Possible modification to ClassVar

I gave this topic significant thought when developing pyright. After much experimentation and feedback from users, I came up with this formulation. It’s internally consistent — and consistent with the current typing spec, but it differs from mypy in a few ways. It seems to work well for the common use cases in Python.

Setting aside enums, namedtuples, dataclasses, and TypedDicts (which are all non-standard in some respects), a variable in “normal” Python classes falls into one of three categories:

  1. A “pure” class variable that is not intended to be overwritten by an instance variable
  2. A “pure” instance variable that has no class variable associated with it
  3. A class variable that may be overwritten by an instance variable; the value at the class level acts as a default fallback

Pyright allows you to specify which of these three you intend. If you want a “pure” class variable, use ClassVar. In this case, pyright enforces that the variable cannot be set (overwritten) through an instance.

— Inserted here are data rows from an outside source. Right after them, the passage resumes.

(* Let $s\ge 2$ be an even constant and $\epsilon$ a constant with $0<\epsilon<1/(2s-1)$. The $(1+1)$~IA$^{hyp}$ finds an optimal solution of any instance of the class $G^*_\epsilon$ (with $n$ even) in $O(n^2)$ expected fitness function evaluations.
   Context: Partition problem: an instance consists of $n$ jobs with positive processing times $p_1,\dots,p_n$. A solution is $x\in\{0,1\}^n$ (job $i$ on machine $M_1$ if $x_i=0$, on $M_2$ if $x_i=1$), with makespan $f(x)=\max\{\sum_i p_ix_i,\sum_i p_i(1-x_i)\}$ to be minimised. The class $G^*_\epsilon$: instances with an even number $n$ of jobs, an even number $s=\Theta(1)$ of large jobs, and processing times $p_i=\frac{1}{2s-1}-\frac{\epsilon}{2s}$ for $i\le s$ and $p_i=\frac{s-1}{n-s}\left(\frac{1}{2s-1}+\frac{\epsilon}{2(s-1)}\right)$ for $s<i\le n$, where $0<\epsilon<1/(2s-1)$ is an arbitrarily small constant. The $(1+1)$~IA$^{hyp}$ (minimisation): initialise $x$ uniformly at random and evaluate it. In each iteration: $y:=x$, $F:=\{1,\dots,n\}$; while $F\ne\emptyset$ and $f(y)\ge f(x)$: pick $i\in F$ uniformly at random, remove it from $F$, flip $y_i$, evaluate $f(y)$. Then if $f(y)\le f(x)$ set $x:=y$. Asymptotics are as $n\to\infty$. *)

theory Defs
  imports "HOL-Probability.Probability"
begin

text \<open>Jobs are indexed 0..n-1 (paper: 1..n). A solution is a bool list of length n;
  entry True means the job is on machine M2, False means M1.\<close>

definition makespan :: "(nat \<Rightarrow> real) \<Rightarrow> bool list \<Rightarrow> real" where
  "makespan p x = max (\<Sum>i<length x. if x ! i then p i else 0)
                      (\<Sum>i<length x. if x ! i then 0 else p i)"

definition flip :: "bool list \<Rightarrow> nat \<Rightarrow> bool list" where
  "flip y i = y[i := \<not> y ! i]"

text \<open>Inner hypermutation loop: current parent x, mutant y, set F of not yet flipped
  positions. Returns the final mutant and the number of fitness evaluations performed.\<close>
function hyp_loop :: "(bool list \<Rightarrow> real) \<Rightarrow> bool list \<Rightarrow> bool list \<Rightarrow> nat set
    \<Rightarrow> (bool list \<times> nat) pmf" where
  "hyp_loop f x y F =
     (if F = {} \<or> \<not> finite F \<or> f y < f x then return_pmf (y, 0)
      else bind_pmf (pmf_of_set F)
        (\<lambda>i. map_pmf (\<lambda>(z, k). (z, Suc k)) (hyp_loop f x (flip y i) (F - {i}))))"
  by auto
termination
  by (relation "Wellfounded.measure (\<lambda>(f, x, y, F). card F)")
     (auto simp: set_pmf_of_set card_gt_0_iff)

If you want a “pure” instance variable, do not declare the variable in the class body and simply set the value through a self.x = v statement. Alternatively, specify the variable in __slots__. In this case, pyright enforces that the variable cannot be set through the class.

If you want a hybrid, declare (and optionally set the value of) the variable in the class body.

I think this provides a natural way for developers to express their intent. Pyright’s rules differ slightly from the rules that @mikeshardmind proposes at the top of this thread. Based on my experience, the rules that I converged on with pyright are more consistent with developer expectations and common use cases.